How manic is life?! Sometimes I wish it would just slow down a bit. It’s taken me a little bit of time to realise that actually, I’m in control of my life, I can set the speed and I can say no. It’s ok to say no.

There have been very few weekends this year that there hasn’t been something ‘on’. Some of those things have been big events; weddings, special birthdays etc. Some of them have been smaller events; dinner at a friends, cocktails with the girls and so on. All of these things are equally important to me.

I don’t live particularly close to my friends and family and recently my husband upped his working away days from two to four. Seeing people is important to me. It keeps me sane, it saves me from getting cabin fever. But sometimes, it’s all just a bit too much. I’m limited to what I can do mid week with him being away so everything gets crammed in to the weekend. But something needed to change. I needed to start finding time for me and more importantly for the three of us to spend some time together as a family unit and weekends are the only time we can do that. I was starting to feel like a lousy friend as well, always postponing or cancelling because I just couldn’t manage to fit it all in.

I was at a friends a few weeks ago, she had a lovely gathering where we all looked at jewellery, ate cute party food… And I drank an energy drink to try and stay awake. But it was really wonderful. A great catch up with friends who I love dearly. Then one of them asked me if I was free this month to go and see a local band and have a catch up and it just came out. Really loudly.

No.

I really want to go. But I am conscious that the weekend before there is something happening every day, on the weekend in question there is already something happening on the Saturday and Sunday and I think my brain just had a mini explosion and the no came blurting out.

But, it feels good.
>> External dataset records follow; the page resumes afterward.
(* Let $\mathbf L$ be a bounded lattice with canonical polarity $(X,\parallel,Y)$ and spaces $\mathfrak X=(X,\mathcal B)$, $\mathfrak Y=(Y,\mathcal C)$, where $\mathcal B=\{X_a:a\in L\}$ and $\mathcal C=\{Y^a:a\in L\}$. Then $\mathcal B$ is exactly the family of subsets of $X$ that are both compact-open in $\mathfrak X$ and Galois stable, and $\mathcal C$ is exactly the family of subsets of $Y$ that are compact-open in $\mathfrak Y$ and Galois co-stable. Moreover $\mathcal B$ and $\mathcal C$ are dually isomorphic bounded lattices (via $A\mapsto A'$, with $(X_a)'=Y^a$), $\mathcal B$ a sublattice of $\mathcal G(X)$ and $\mathcal C$ a sublattice of $\mathcal G(Y)$.
   Context: Canonical polarity of a bounded lattice $\mathbf L$: $X$ is the set of proper filters of $\mathbf L$, $Y$ the set of proper ideals, and $x\parallel y$ iff $x\cap y\neq\emptyset$. For $a\in L$: $X_a=\{x\in X:a\in x\}$, $Y^a=\{y\in Y:a\in y\}$. $\mathfrak X$ (resp. $\mathfrak Y$) is $X$ (resp. $Y$) with the topology generated by the basis $\mathcal B$ (resp. $\mathcal C$). For $U\subseteq X$, $U'=\{y\in Y:\forall x\in U\;x\parallel y\}$; for $V\subseteq Y$, $V'=\{x\in X:\forall y\in V\;x\parallel y\}$. Stable sets $A=A''\subseteq X$ form the complete lattice $\mathcal G(X)$ (meets = intersections, joins $(\bigcup A_j)''$); co-stable sets $B=B''\subseteq Y$ form $\mathcal G(Y)$. *)

theory Defs
  imports "HOL-Analysis.Analysis"
begin

definition lat_filter :: "'a::bounded_lattice set \<Rightarrow> bool" where
  "lat_filter F \<longleftrightarrow> F \<noteq> {} \<and> (\<forall>a\<in>F. \<forall>b. a \<le> b \<longrightarrow> b \<in> F) \<and> (\<forall>a\<in>F. \<forall>b\<in>F. inf a b \<in> F)"

definition lat_ideal :: "'a::bounded_lattice set \<Rightarrow> bool" where
  "lat_ideal I \<longleftrightarrow> I \<noteq> {} \<and> (\<forall>a\<in>I. \<forall>b. b \<le> a \<longrightarrow> b \<in> I) \<and> (\<forall>a\<in>I. \<forall>b\<in>I. sup a b \<in> I)"

text \<open>X: proper filters; Y: proper ideals.\<close>
definition PFilt :: "'a::bounded_lattice set set" where
  "PFilt = {F. lat_filter F \<and> F \<noteq> UNIV}"

definition PIdl :: "'a::bounded_lattice set set" where
  "PIdl = {I. lat_ideal I \<and> I \<noteq> UNIV}"

definition rel :: "'a set \<Rightarrow> 'a set \<Rightarrow> bool" where
  "rel x y \<longleftrightarrow> x \<inter> y \<noteq> {}"

definition Xa :: "'a::bounded_lattice \<Rightarrow> 'a set set" where
  "Xa a = {x \<in> PFilt. a \<in> x}"

definition Ya :: "'a::bounded_lattice \<Rightarrow> 'a set set" where
  "Ya a = {y \<in> PIdl. a \<in> y}"

definition primeX :: "'a::bounded_lattice set set \<Rightarrow> 'a set set" where
  "primeX U = {y \<in> PIdl. \<forall>x\<in>U. rel x y}"

definition primeY :: "'a::bounded_lattice set set \<Rightarrow> 'a set set" where
  "primeY V = {x \<in> PFilt. \<forall>y\<in>V. rel x y}"

definition BX :: "'a::bounded_lattice set set set" where
  "BX = range Xa"

definition CY :: "'a::bounded_lattice set set set" where
  "CY = range Ya"

definition TopX :: "'a::bounded_lattice set topology" where
  "TopX = topology_generated_by BX"

definition TopY :: "'a::bounded_lattice set topology" where
  "TopY = topology_generated_by CY"

definition stableX :: "'a::bounded_lattice set set \<Rightarrow> bool" where
  "stableX A \<longleftrightarrow> A \<subseteq> PFilt \<and> primeY (primeX A) = A"

definition costableY :: "'a::bounded_lattice set set \<Rightarrow> bool" where
  "costableY B \<longleftrightarrow> B \<subseteq> PIdl \<and> primeX (primeY B) = B"

end

theory Submission
  imports Defs
begin

text \<open>
  The basic opens are closed under binary intersection (\<open>X\<^sub>a \<inter> X\<^sub>b = X\<^sub>a\<^sub>\<sqinter>\<^sub>b\<close>), so a
  compact-open set is a finite union of basic opens \<open>X\<^sub>a\<^sub>1, \<dots>, X\<^sub>a\<^sub>n\<close>. Its prime is
  \<open>\<Inter>\<^sub>i Y\<^sup>a\<^sup>i = Y\<^sup>c\<close> with \<open>c = a\<^sub>1 \<squnion> \<dots> \<squnion> a\<^sub>n\<close>, whose prime in turn is \<open>X\<^sub>c\<close>; hence a
  stable compact-open set is basic. Conversely \<open>X\<^sub>a\<close> is compact because the principal
  filter \<open>{a..}\<close> is a generic point of it: every open set containing \<open>{a..}\<close> contains
  a basic open \<open>X\<^sub>c\<close> with \<open>a \<le> c\<close>, hence all of \<open>X\<^sub>a\<close>.
\<close>

lemma generate_topology_on_basis_nbhd:
  assumes Int_closed: "\<And>b1 b2. b1 \<in> \<B> \<Longrightarrow> b2 \<in> \<B> \<Longrightarrow> b1 \<inter> b2 \<in> \<B>"
    and "generate_topology_on \<B> U" "x \<in> U"
  shows "\<exists>b\<in>\<B>. x \<in> b \<and> b \<subseteq> U"
  using assms(2,3)
proof (induction arbitrary: x)
  case Empty
  then show ?case by simp
next
  case (Int U V)
  obtain b1 where "b1 \<in> \<B>" "x \<in> b1" "b1 \<subseteq> U"
    using Int.IH(1) Int.prems by blast
  moreover obtain b2 where "b2 \<in> \<B>" "x \<in> b2" "b2 \<subseteq> V"
    using Int.IH(2) Int.prems by blast
  ultimately show ?case using Int_closed by (intro bexI[of _ "b1 \<inter> b2"]) auto
next
  case (UN K)
  then obtain k where "k \<in> K" "x \<in> k" by blast
  moreover from this obtain b where "b \<in> \<B>" "x \<in> b" "b \<subseteq> k" using UN.IH by meson
  ultimately show ?case by blast
next
  case (Basis s)
  then show ?case by blast
qed

lemma compact_open_finite_Union_basis:
  assumes Int_closed: "\<And>b1 b2. b1 \<in> \<B> \<Longrightarrow> b2 \<in> \<B> \<Longrightarrow> b1 \<inter> b2 \<in> \<B>"
    and open_U: "openin (topology_generated_by \<B>) U"
    and compact_U: "compactin (topology_generated_by \<B>) U"
  obtains \<F> where "finite \<F>" "\<F> \<subseteq> \<B>" "U = \<Union>\<F>"
proof -
  let ?\<U> = "{b \<in> \<B>. b \<subseteq> U}"
  have "U \<subseteq> \<Union>?\<U>"
    using generate_topology_on_basis_nbhd[OF Int_closed] open_U
    by (fastforce simp: openin_topology_generated_by_iff)
  moreover have "\<forall>b\<in>?\<U>. openin (topology_generated_by \<B>) b"
    by (simp add: topology_generated_by_Basis)
  ultimately obtain \<F> where "finite \<F>" "\<F> \<subseteq> ?\<U>" "U \<subseteq> \<Union>\<F>"
    using compact_U unfolding compactin_def by meson
  then show thesis by (intro that[of \<F>]) auto
qed

lemma compactin_generic_point:
  assumes "S \<subseteq> topspace T" "p \<in> S" "\<And>U. openin T U \<Longrightarrow> p \<in> U \<Longrightarrow> S \<subseteq> U"
  shows "compactin T S"
  unfolding compactin_def
proof (intro conjI allI impI)
  fix \<U> assume "(\<forall>U\<in>\<U>. openin T U) \<and> S \<subseteq> \<Union>\<U>"
  with assms obtain U where "U \<in> \<U>" "S \<subseteq> U" by blast
  then show "\<exists>\<F>. finite \<F> \<and> \<F> \<subseteq> \<U> \<and> S \<subseteq> \<Union>\<F>" by (intro exI[of _ "{U}"]) auto
qed (use assms in auto)

lemma PFilt_top: "x \<in> PFilt \<Longrightarrow> top \<in> x"
  unfolding PFilt_def lat_filter_def by auto

lemma PFilt_bot: "x \<in> PFilt \<Longrightarrow> bot \<notin> x"
  unfolding PFilt_def lat_filter_def using bot_least by blast

lemma PFilt_upward: "x \<in> PFilt \<Longrightarrow> a \<in> x \<Longrightarrow> a \<le> b \<Longrightarrow> b \<in> x"
  unfolding PFilt_def lat_filter_def by auto

lemma atLeast_in_PFilt: "a \<noteq> bot \<Longrightarrow> {a..} \<in> PFilt"
  unfolding PFilt_def lat_filter_def using bot_unique[of a] by (auto intro: order_trans)

lemma PIdl_bot: "y \<in> PIdl \<Longrightarrow> bot \<in> y"
  unfolding PIdl_def lat_ideal_def by auto

lemma PIdl_top: "y \<in> PIdl \<Longrightarrow> top \<notin> y"
  unfolding PIdl_def lat_ideal_def using top_greatest by blast

lemma PIdl_downward: "y \<in> PIdl \<Longrightarrow> a \<in> y \<Longrightarrow> b \<le> a \<Longrightarrow> b \<in> y"
  unfolding PIdl_def lat_ideal_def by auto

lemma atMost_in_PIdl: "a \<noteq> top \<Longrightarrow> {..a} \<in> PIdl"
  unfolding PIdl_def lat_ideal_def using top_unique[of a] by (auto intro: order_trans)

lemma Xa_bot: "Xa bot = {}"
  unfolding Xa_def using PFilt_bot by auto

lemma Xa_top: "Xa top = PFilt"
  unfolding Xa_def using PFilt_top by auto

lemma Xa_inf: "Xa (inf a b) = Xa a \<inter> Xa b"
  unfolding Xa_def PFilt_def lat_filter_def by auto

lemma Xa_mono: "a \<le> b \<Longrightarrow> Xa a \<subseteq> Xa b"
  unfolding Xa_def using PFilt_upward by blast

lemma Ya_top: "Ya top = {}"
  unfolding Ya_def using PIdl_top by auto

lemma Ya_bot: "Ya bot = PIdl"
  unfolding Ya_def using PIdl_bot by auto

lemma Ya_sup: "Ya (sup a b) = Ya a \<inter> Ya b"
  unfolding Ya_def PIdl_def lat_ideal_def by auto

lemma Ya_antimono: "a \<le> b \<Longrightarrow> Ya b \<subseteq> Ya a"
  unfolding Ya_def using PIdl_downward by blast

lemma primeX_empty: "primeX {} = PIdl"
  unfolding primeX_def by auto

lemma primeY_empty: "primeY {} = PFilt"
  unfolding primeY_def by auto

lemma primeX_Un: "primeX (U \<union> V) = primeX U \<inter> primeX V"
  unfolding primeX_def by auto

lemma primeY_Un: "primeY (U \<union> V) = primeY U \<inter> primeY V"
  unfolding primeY_def by auto

lemma primeX_antimono: "U \<subseteq> V \<Longrightarrow> primeX V \<subseteq> primeX U"
  unfolding primeX_def by auto

lemma primeY_antimono: "U \<subseteq> V \<Longrightarrow> primeY V \<subseteq> primeY U"
  unfolding primeY_def by auto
So good to know that actually on that Friday night next week all I will be doing is ordering a take away, sitting on the sofa with my husband who I am missing immensely and doing absolutely nothing. I can’t wait. In the past we have said that Sundays will be our day… It lasted all of two weeks but I think it’s a rule we need to re-adopt.

So, next year I am going to try and be better at saying no, and that’s both to social life and work commitments (don’t even get me started on my inability to say no to a client). Call it a resolution if you will. And I’m not going to feel guilty, I’m going to stay strong and make more time for relaxation. I will pick the phone up more to keep in touch with everyone when I can’t get to see them and I know they will understand when I say no because they are my friends and they rock.

How do you manage with saying no? Do you ever say no or have you been crumbling under the pressure like me? Do you have a ‘family day’? I’d love to know how you balance everything.